__WORK INSTRUCTIONS__: In the records below, count every line that includes the word "metis". Provide the total alone.

__SUPPLIED INFORMATION__:
* * * * * * * * *

section \<open>Dual generalized Reed--Solomon codes\<close>

lemma sum_power_div_prod_diff_eq_0:
  fixes \<alpha> :: "nat \<Rightarrow> 'a::field"
  assumes inj: "inj_on \<alpha> {..<N}" and m: "m + 2 \<le> N"
  shows "(\<Sum>i<N. \<alpha> i ^ m * inverse (\<Prod>k\<in>{..<N}-{i}. \<alpha> i - \<alpha> k)) = 0"
proof -
  \<comment> \<open>The sum is the coefficient of \<open>x^(N-1)\<close> of the Lagrange interpolant of \<open>x^m\<close> at the
    nodes \<open>\<alpha> i\<close>; that interpolant is \<open>x^m\<close> itself.\<close>
  define p where "p i = (\<Prod>k\<in>{..<N}-{i}. [:- \<alpha> k, 1:])" for i
  define w where "w i = inverse (\<Prod>k\<in>{..<N}-{i}. \<alpha> i - \<alpha> k)" for i
  define Q where "Q = (\<Sum>i<N. Polynomial.smult (\<alpha> i ^ m * w i) (p i))"
  have poly_p: "poly (p i) x = (\<Prod>k\<in>{..<N}-{i}. x - \<alpha> k)" for i x
    by (simp add: p_def poly_prod)
  have degree_p: "degree (p i) = N - 1" and lead_coeff_p: "lead_coeff (p i) = 1" if "i < N" for i
    using that unfolding p_def lead_coeff_prod by (subst degree_prod_eq_sum_degree) auto
  have poly_Q: "poly Q (\<alpha> j) = \<alpha> j ^ m" if j: "j < N" for j
  proof -
    have "poly (p i) (\<alpha> j) = 0" if "i < N" "i \<noteq> j" for i
      unfolding poly_p using that j by (intro prod_zero) (auto intro!: bexI[of _ j])
    then have "poly Q (\<alpha> j) = \<alpha> j ^ m * w j * poly (p j) (\<alpha> j)"
      unfolding Q_def poly_sum poly_smult using j by (subst sum.remove[of _ j]) auto
    moreover have "w j * poly (p j) (\<alpha> j) = 1"
      unfolding w_def poly_p using inj j by (intro left_inverse) (auto simp: inj_on_def)
    ultimately show ?thesis by (simp add: mult.assoc)
  qed
  have "degree Q < N" unfolding Q_def
    using m by (intro le_less_trans[OF degree_sum_le[of _ _ "N - 1"]])
      (auto intro: le_trans[OF degree_smult_le] simp: degree_p)
  then have "Q = monom 1 m"
    using m card_image[OF inj] poly_Q
    by (intro poly_eqI_degree[of "\<alpha> ` {..<N}"]) (auto simp: poly_monom degree_monom_eq)
  then have "coeff Q (N - 1) = 0" using m by simp
  moreover have "coeff (p i) (N - 1) = 1" if "i < N" for i
    using degree_p[OF that] lead_coeff_p[OF that] by simp
  then have "coeff Q (N - 1) = (\<Sum>i<N. \<alpha> i ^ m * w i)"
    unfolding Q_def coeff_sum by (intro sum.cong) auto
  ultimately show ?thesis by (simp add: w_def)
qed

definition GRS :: "nat \<Rightarrow> nat \<Rightarrow> (nat \<Rightarrow> 'a::field) \<Rightarrow> (nat \<Rightarrow> 'a) \<Rightarrow> 'a mat" where
  "GRS n k \<alpha> w = mat n k (\<lambda>(i, m). w i * \<alpha> i ^ m)"

lemma transpose_GRS_mult_dual_GRS:
  fixes \<alpha> u :: "nat \<Rightarrow> 'a::field"
  assumes inj: "inj_on \<alpha> {..<N}" and u: "\<forall>j<N. u j \<noteq> 0" and ab: "a + b \<le> N"
  shows "transpose_mat (GRS N a \<alpha> u)
           * GRS N b \<alpha> (\<lambda>j. (1 / u j) * inverse (\<Prod>i\<in>{..<N} - {j}. \<alpha> j - \<alpha> i))
         = 0\<^sub>m a b"
proof (rule eq_matI)
  fix r s assume "r < dim_row (0\<^sub>m a b :: 'a mat)" "s < dim_col (0\<^sub>m a b :: 'a mat)"
  then have r: "r < a" and s: "s < b" by auto
  have "(transpose_mat (GRS N a \<alpha> u)
           * GRS N b \<alpha> (\<lambda>j. (1 / u j) * inverse (\<Prod>i\<in>{..<N} - {j}. \<alpha> j - \<alpha> i))) $$ (r, s)
      = (\<Sum>k<N. \<alpha> k ^ (r + s) * inverse (\<Prod>i\<in>{..<N} - {k}. \<alpha> k - \<alpha> i))"
    using r s u by (auto simp: GRS_def scalar_prod_def lessThan_atLeast0 power_add intro!: sum.cong)
  also have "\<dots> = 0"
    using r s ab by (intro sum_power_div_prod_diff_eq_0[OF inj]) linarith
  finally show "(transpose_mat (GRS N a \<alpha> u)
           * GRS N b \<alpha> (\<lambda>j. (1 / u j) * inverse (\<Prod>i\<in>{..<N} - {j}. \<alpha> j - \<alpha> i))) $$ (r, s)
      = 0\<^sub>m a b $$ (r, s)" using r s by simp
qed (auto simp: GRS_def)

lemma symplectic_form_dual_GRS_eq_0:
  fixes N a b :: nat and \<alpha> u :: "nat \<Rightarrow> 'a::field"
  defines "G \<equiv> four_block_mat (GRS N a \<alpha> u) (0\<^sub>m N b) (0\<^sub>m N a)
              (GRS N b \<alpha> (\<lambda>j. (1 / u j) * inverse (\<Prod>i\<in>{..<N} - {j}. \<alpha> j - \<alpha> i)))"
  assumes inj: "inj_on \<alpha> {..<N}" and u: "\<forall>j<N. u j \<noteq> 0" and ab: "a + b = N"
  shows "transpose_mat G * Jmat N * G = 0\<^sub>m N N"
proof -
  let ?U = "GRS N a \<alpha> u"
  let ?V = "GRS N b \<alpha> (\<lambda>j. (1 / u j) * inverse (\<Prod>i\<in>{..<N} - {j}. \<alpha> j - \<alpha> i))"
  have U: "?U \<in> carrier_mat N a" and V: "?V \<in> carrier_mat N b"
    by (simp_all add: GRS_def)
  have UV: "transpose_mat ?U * ?V = 0\<^sub>m a b"
    using ab by (intro transpose_GRS_mult_dual_GRS[OF inj u]) simp
  moreover have "transpose_mat ?V * ?U = 0\<^sub>m b a"
    using UV transpose_mult[of "transpose_mat ?U" a N ?V b] U V by simp
  moreover have "- 0\<^sub>m a b = (0\<^sub>m a b :: 'a mat)"
    by (rule eq_matI) auto
  ultimately show ?thesis
    unfolding G_def symplectic_form_four_block_diag[OF U V] by (simp add: ab)
qed

section \<open>Nonsingularity of QCSA matrices\<close>

lemma QCSA_carrier_mat [simp]: "QCSA N L \<alpha> \<beta> f \<in> carrier_mat N N"
  and dim_QCSA [simp]: "dim_row (QCSA N L \<alpha> \<beta> f) = N" "dim_col (QCSA N L \<alpha> \<beta> f) = N"
  by (simp_all add: QCSA_def)

lemma QCSA_mult_vec_nth:
  fixes \<alpha> \<beta> f :: "nat \<Rightarrow> 'a::field"
  assumes L: "L \<le> N" and i: "i < N" and c: "c \<in> carrier_vec N"
  shows "(QCSA N L \<alpha> \<beta> f *\<^sub>v c) $ i
           = \<beta> i * ((\<Sum>j<L. c $ j / (f j - \<alpha> i)) + (\<Sum>k<N - L. c $ (L + k) * \<alpha> i ^ k))"
proof -
  have "(QCSA N L \<alpha> \<beta> f *\<^sub>v c) $ i = (\<Sum>j<L + (N - L). QCSA N L \<alpha> \<beta> f $$ (i, j) * c $ j)"
    using i c L by (simp add: scalar_prod_def lessThan_atLeast0)
  also have "\<dots> = (\<Sum>j<L. \<beta> i / (f j - \<alpha> i) * c $ j) + (\<Sum>k<N - L. \<beta> i * \<alpha> i ^ k * c $ (L + k))"
    unfolding sum_lessThan_add using i L by (intro arg_cong2[where f = "(+)"] sum.cong) (auto simp: QCSA_def)
  finally show ?thesis
    by (simp add: distrib_left sum_distrib_left mult_ac)
qed

lemma partial_fraction_poly_eq_0_imp:
  fixes f c :: "nat \<Rightarrow> 'a::field"
  assumes inj: "inj_on f {..<L}"
    and P: "(\<Sum>j<L. Polynomial.smult (c j) (\<Prod>l\<in>{..<L}-{j}. [:f l, -1:]))
              + (\<Prod>l<L. [:f l, -1:]) * D = 0"
  shows "(\<forall>j<L. c j = 0) \<and> D = 0"
proof -
  have c0: "c j = 0" if j: "j < L" for j
  proof -
    have vanish: "(\<Prod>l\<in>F. f l - f j) = 0" if "j \<in> F" "finite F" for F
      using that by (intro prod_zero) auto
    have "0 = (\<Sum>j'<L. c j' * (\<Prod>l\<in>{..<L}-{j'}. f l - f j))"
      using arg_cong[OF P, of "\<lambda>p. poly p (f j)"] j vanish[of "{..<L}"]
      by (simp add: poly_sum poly_prod)
    also have "\<dots> = c j * (\<Prod>l\<in>{..<L}-{j}. f l - f j)"
      using j vanish by (subst sum.remove[of _ j]) (auto intro!: sum.neutral)
    finally show ?thesis
      using inj j by (auto simp: inj_on_def)
  qed
  moreover have "(\<Prod>l<L. [:f l, -1 :: 'a:]) \<noteq> 0"
    by (subst prod_zero_iff) auto
  ultimately show ?thesis
    using P by simp
qed

lemma poly_partial_fraction:
  fixes f c :: "nat \<Rightarrow> 'a::field"
  assumes "\<forall>j<L. f j \<noteq> x"
  shows "poly ((\<Sum>j<L. Polynomial.smult (c j) (\<Prod>l\<in>{..<L}-{j}. [:f l, -1:]))
                + (\<Prod>l<L. [:f l, -1:]) * D) x
         = (\<Prod>l<L. f l - x) * ((\<Sum>j<L. c j / (f j - x)) + poly D x)"
  unfolding distrib_left sum_distrib_left using assms
  by (auto simp: poly_sum poly_prod prod.remove[of "{..<L}"] mult_ac intro!: sum.cong)

lemma QCSA_mult_vec_eq_0_imp:
  fixes \<alpha> \<beta> f :: "nat \<Rightarrow> 'a::field"
  assumes inj: "inj_on \<alpha> {..<N}" and injf: "inj_on f {..<L}"
    and disj: "\<forall>i<N. \<forall>j<L. \<alpha> i \<noteq> f j" and \<beta>: "\<forall>i<N. \<beta> i \<noteq> 0" and LN: "L < N"
    and c: "c \<in> carrier_vec N" and Qc: "QCSA N L \<alpha> \<beta> f *\<^sub>v c = 0\<^sub>v N"
  shows "c = 0\<^sub>v N"
proof -
  \<comment> \<open>Clearing the denominators of row \<open>i\<close> of the system gives the value at \<open>\<alpha> i\<close> of the
    polynomial \<open>P\<close> of degree less than \<open>N\<close>, so \<open>P = 0\<close>.\<close>
  define D where "D = (\<Sum>k<N - L. monom (c $ (L + k)) k)"
  define P where "P = (\<Sum>j<L. Polynomial.smult (c $ j) (\<Prod>l\<in>{..<L}-{j}. [:f l, -1:]))
                      + (\<Prod>l<L. [:f l, -1:]) * D"
  have "degree P \<le> N - 1"
  proof -
    have "degree (\<Prod>l\<in>{..<L}-{j}. [:f l, -1:]) \<le> N - 1" for j
      using LN by (intro le_trans[OF degree_prod_sum_le]) (auto simp: card_Diff_singleton_if)
    moreover have "degree ((\<Prod>l<L. [:f l, -1:]) * D) \<le> L + (N - L - 1)"
      unfolding D_def
      by (intro le_trans[OF degree_mult_le] add_mono le_trans[OF degree_prod_sum_le] degree_sum_le)
         (auto intro: le_trans[OF degree_monom_le])
    ultimately show ?thesis
      unfolding P_def using LN
      by (intro degree_add_le degree_sum_le) (auto intro: le_trans[OF degree_smult_le])
  qed
  moreover have "poly P (\<alpha> i) = 0" if i: "i < N" for i
  proof -
    have ne: "\<forall>j<L. f j \<noteq> \<alpha> i"
      using disj i by metis
    have "poly P (\<alpha> i) = (\<Prod>l<L. f l - \<alpha> i)
            * ((\<Sum>j<L. c $ j / (f j - \<alpha> i)) + (\<Sum>k<N - L. c $ (L + k) * \<alpha> i ^ k))"
      unfolding P_def poly_partial_fraction[OF ne] by (simp add: D_def poly_sum poly_monom mult_ac)
    also have "\<dots> = (\<Prod>l<L. f l - \<alpha> i) / \<beta> i * (QCSA N L \<alpha> \<beta> f *\<^sub>v c) $ i"
      using \<beta> i by (simp add: QCSA_mult_vec_nth[OF less_imp_le[OF LN] i c])
    finally show ?thesis
      using Qc i by simp
  qed
  ultimately have "P = 0"
    using LN card_image[OF inj] by (intro poly_eqI_degree[of "\<alpha> ` {..<N}"]) auto
  then have "(\<forall>j<L. c $ j = 0) \<and> D = 0"
    unfolding P_def by (rule partial_fraction_poly_eq_0_imp[OF injf])
  moreover have "c $ i = coeff D (i - L)" if "L \<le> i" "i < N" for i
    unfolding D_def coeff_sum using that by simp
  ultimately show ?thesis
    using c by (intro eq_vecI) (auto, metis not_less)
qed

* * * * * * * * *

__ANSWER AREA__: 2